Instances | FileSize | #Files | DbSize | #Nodes | #Attr | #ENames | #ANames | #URIs | Height |
---|---|---|---|---|---|---|---|---|---|
Limits | 512 GiB (2^39 Bytes) | 536’870’912 (2^29) | no limit | 2’147’483’648 (2^31) | no limit | 32768 (2^15) | 32768 (2^15) | 256 (2^8) | no limit |
This is the meaning of the attributes:
- FileSize is the original size of the input documents
- #Files indicates the number of stored XML documents
- DbSize is the size of the resulting database (excluding the value index structures)
- #Nodes represents the number of XML nodes (elements, attributes, texts, etc.) stored in the database
- #Attr indicates the maximum number of attributes stored for a single element
- #ENames and #ANames reflect the number of distinct element and attribute names
- #URIs represent the number of distinct namespace URIs
- Height indicates the maximum level depth of the stored nodes
If a database limit is reached, you can distribute documents across multiple database instances and access all of them with a single XQuery expression.
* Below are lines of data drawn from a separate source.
(* Let $D\ge1$ and let $\mathcal{F}$ be a collection of pairwise non-overlapping simplices on $\gamma_D$ in $\mathbb{R}^D$ whose vertex sets have union $V$ with $D+1\le|V|\le D+2$. Then $\mathcal{F}$ can be extended to a triangulation of $\mathrm{conv}(V)$ without adding new vertices, i.e. there is a triangulation of $\mathrm{conv}(V)$ with all vertices in $V$ containing every simplex of $\mathcal{F}$.
   Context: $\gamma_D=\{(t,t^2,\dots,t^D):t\in\mathbb{R}\}$. A simplex on $\gamma_D$ is $\mathrm{conv}(\sigma)$ for $\sigma\subseteq\gamma_D$ with $|\sigma|\le D+1$. Simplices overlap if $\mathrm{conv}(\sigma)\cap\mathrm{conv}(\tau)\supsetneq\mathrm{conv}(\sigma\cap\tau)$. *)

theory Defs
  imports "HOL-Analysis.Analysis"
begin

text \<open>Points of R^D are represented as real ^ 'n with D = CARD('n).  Since the
coordinate type 'n carries no canonical order, an enumeration e of the coordinates
by {1..D} is fixed; the coordinate with index e i = k carries t^k.\<close>

definition coord_enum :: "('n::finite \<Rightarrow> nat) \<Rightarrow> bool" where
  "coord_enum e \<longleftrightarrow> bij_betw e UNIV {1..CARD('n)}"

definition moment_pt :: "('n::finite \<Rightarrow> nat) \<Rightarrow> real \<Rightarrow> real ^ 'n" where
  "moment_pt e t = (\<chi> i. t ^ (e i))"

definition moment_curve :: "('n::finite \<Rightarrow> nat) \<Rightarrow> (real ^ 'n) set" where
  "moment_curve e = range (moment_pt e)"

definition curve_simplex :: "('n::finite \<Rightarrow> nat) \<Rightarrow> (real ^ 'n) set \<Rightarrow> bool" where
  "curve_simplex e \<sigma> \<longleftrightarrow> \<sigma> \<subseteq> moment_curve e \<and> finite \<sigma> \<and> card \<sigma> \<le> CARD('n) + 1"

definition overlap :: "'a::real_vector set \<Rightarrow> 'a set \<Rightarrow> bool" where
  "overlap \<sigma> \<tau> \<longleftrightarrow> convex hull \<sigma> \<inter> convex hull \<tau> \<supset> convex hull (\<sigma> \<inter> \<tau>)"

definition triangulation_of :: "'a::euclidean_space set set \<Rightarrow> 'a set \<Rightarrow> bool" where
  "triangulation_of T V \<longleftrightarrow>
     finite T \<and>
     (\<forall>\<sigma>\<in>T. \<sigma> \<subseteq> V \<and> \<not> affine_dependent \<sigma>) \<and>
     (\<forall>\<sigma>\<in>T. \<forall>\<tau>. \<tau> \<subseteq> \<sigma> \<longrightarrow> \<tau> \<in> T) \<and>
     (\<forall>\<sigma>\<in>T. \<forall>\<tau>\<in>T. convex hull \<sigma> \<inter> convex hull \<tau> = convex hull (\<sigma> \<inter> \<tau>)) \<and>
     \<Union> ((\<lambda>\<sigma>. convex hull \<sigma>) ` T) = convex hull V"

end

theory Submission
  imports Defs "HOL-Computational_Algebra.Polynomial"
begin

(* Any D+1 points of the moment curve are affinely independent: an affine dependence among them
   would annihilate every polynomial of degree at most D, in particular the one vanishing at all
   but one of the points.  So if |V| = D+1, all subsets of V form a triangulation.  If |V| = D+2,
   V is a circuit: its affine dependence u is unique up to scaling and nowhere zero, splitting V
   into P = {u > 0} and N = {u < 0}, and the subsets of V not containing P (resp. N) form a
   triangulation of conv V.  A simplex containing P and another one containing N overlap at the
   Radon point, where conv P meets conv N; hence the non-overlapping family F avoids one of P and N
   and lies in the corresponding triangulation. *)

lemma moments_vanish_imp_zero:
  fixes t c :: "'a \<Rightarrow> real"
  assumes "finite W" "inj_on t W" "card W \<le> n + 1"
    and moments: "\<And>k. k \<le> n \<Longrightarrow> (\<Sum>w\<in>W. c w * t w ^ k) = 0"
    and "w0 \<in> W"
  shows "c w0 = 0"
proof -
  define p where "p = (\<Prod>w\<in>W - {w0}. [:- t w, 1:])"
  have poly_p: "poly p x = (\<Prod>w\<in>W - {w0}. x - t w)" for x
    unfolding p_def by (simp add: poly_prod)
  have "degree p \<le> card (W - {w0})"
    using degree_prod_sum_le[of "W - {w0}" "\<lambda>w. [:- t w, 1:]"] assms by (simp add: p_def)
  then have deg: "degree p \<le> n"
    using assms by (simp add: card_Diff_singleton)
  have "(\<Sum>w\<in>W. c w * poly p (t w)) = (\<Sum>i\<le>degree p. coeff p i * (\<Sum>w\<in>W. c w * t w ^ i))"
    by (simp add: poly_altdef sum_distrib_left mult_ac sum.swap[of _ W])
  also have "\<dots> = 0"
    using moments deg by simp
  finally have "(\<Sum>w\<in>W. c w * poly p (t w)) = 0" .
  moreover have "(\<Sum>w\<in>W. c w * poly p (t w)) = (\<Sum>w\<in>{w0}. c w * poly p (t w))"
    by (rule sum.mono_neutral_right) (use assms in \<open>auto simp: poly_p\<close>)
  moreover have "poly p (t w0) \<noteq> 0"
    using assms by (auto simp: poly_p inj_on_def)
  ultimately show ?thesis by simp
qed

lemma affine_independent_moment_curve:
  fixes e :: "'n::finite \<Rightarrow> nat"
  assumes "coord_enum e" "W \<subseteq> moment_curve e" "finite W" "card W \<le> CARD('n) + 1"
  shows "\<not> affine_dependent W"
proof
  assume "affine_dependent W"
  then obtain c w0 where c: "sum c W = 0" "(\<Sum>w\<in>W. c w *\<^sub>R w) = 0"
    and w0: "w0 \<in> W" "c w0 \<noteq> 0"
    using assms(3) by (auto simp: affine_dependent_explicit_finite)
  have e_onto: "\<exists>i. e i = k" if "k \<in> {1..CARD('n)}" for k
    using assms(1) that unfolding coord_enum_def bij_betw_def by (metis imageE)
  then obtain i1 where i1: "e i1 = 1" by fastforce
  define t where "t w = w $ i1" for w :: "real ^ 'n"
  have coord: "w $ i = t w ^ e i" if "w \<in> W" for w i
    using that assms(2) by (auto simp: moment_curve_def moment_pt_def t_def i1)
  have inj: "inj_on t W"
    by (rule inj_onI) (simp add: vec_eq_iff coord)
  have moments: "(\<Sum>w\<in>W. c w * t w ^ k) = 0" if k: "k \<le> CARD('n)" for k
  proof (cases "k = 0")
    case True
    then show ?thesis using c(1) by simp
  next
    case False
    then obtain i where i: "e i = k" using e_onto k by fastforce
    have "(\<Sum>w\<in>W. c w * w $ i) = 0"
      using arg_cong[OF c(2), of "\<lambda>x. x $ i"] by simp
    then show ?thesis by (simp add: coord i cong: sum.cong)
  qed
  have "c w0 = 0"
    using moments_vanish_imp_zero[OF assms(3) inj assms(4) moments w0(1)] .
  with w0(2) show False ..
qed

lemma convex_hull_subset_explicit:
  fixes V :: "'a::real_vector set"
  assumes "finite V" "S \<subseteq> V"
  shows "x \<in> convex hull S \<longleftrightarrow>
    (\<exists>a. (\<forall>v\<in>V. 0 \<le> a v) \<and> (\<forall>v\<in>V - S. a v = 0) \<and> sum a V = 1 \<and> (\<Sum>v\<in>V. a v *\<^sub>R v) = x)"
    (is "_ \<longleftrightarrow> (\<exists>a. ?coeffs a)")
proof -
  have "finite S"
    using assms finite_subset by blast
  have restrict: "sum a V = sum a S" "(\<Sum>v\<in>V. a v *\<^sub>R v) = (\<Sum>v\<in>S. a v *\<^sub>R v)"
    if "\<forall>v\<in>V - S. a v = 0" for a :: "'a \<Rightarrow> real"
    using that assms by (auto intro: sum.mono_neutral_right)
  show ?thesis
  proof
    assume "x \<in> convex hull S"
    then obtain a where a: "\<forall>v\<in>S. 0 \<le> a v" "sum a S = 1" "(\<Sum>v\<in>S. a v *\<^sub>R v) = x"
      using \<open>finite S\<close> by (auto simp: convex_hull_finite)
    let ?a = "\<lambda>v. if v \<in> S then a v else 0"
    have "sum ?a S = sum a S" "(\<Sum>v\<in>S. ?a v *\<^sub>R v) = (\<Sum>v\<in>S. a v *\<^sub>R v)"
      by (simp_all cong: sum.cong)
    then show "\<exists>a. ?coeffs a"
      using a restrict[of ?a] by (intro exI[of _ ?a]) auto
  next
    assume "\<exists>a. ?coeffs a"
    then obtain a where "?coeffs a"
      by blast
    then show "x \<in> convex hull S"
      using restrict[of a] assms \<open>finite S\<close> by (auto simp: convex_hull_finite intro!: exI[of _ a])
  qed
qed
AutomationML Editor Integration
As mentioned in part 2 of this series, an AutomationML document opened via a BaseX database can be loaded into the AutomationML Editor with only a part of its entire content. This takes advantage of the fact that the libraries of the document are visualized in the editor in a tree view (from the root to the leaves). Only when expanding a level of the tree, the elements on this level are read from the database and inserted into the document. I was able to display the test file with a size of about 2GB in the editor without any problems. As a complete document, the editor needs about 5 minutes to load the document. After loading, any interaction in the editor is very slow. With the partially loaded document, on the other hand, there are no problems.
In addition to hierarchical navigation, the editor also uses relations to access elements of the document in other hierarchies that may not yet be loaded. Since the editor uses the methods of the AutomationML Engine for this and the AutomationML Engine can only access elements of the loaded document, these elements would currently not be found. The solution to this problem is to integrate a special service interface into the AutomationML Engine that can be used by the Engine to retrieve elements from the database if needed. This feature is complicated to realize, I will cover some aspects of this in a later blog post. The next part in this series will cover updates of documents with XQuery.
Source Repositories
You can find the source code for the AMLBaseX plugin in the Aml.Editor.Plugin.BaseX GitHub Repo.
The source code for the AMLBaseX service is published in the Aml.Engine.BaseX GitHup Repo.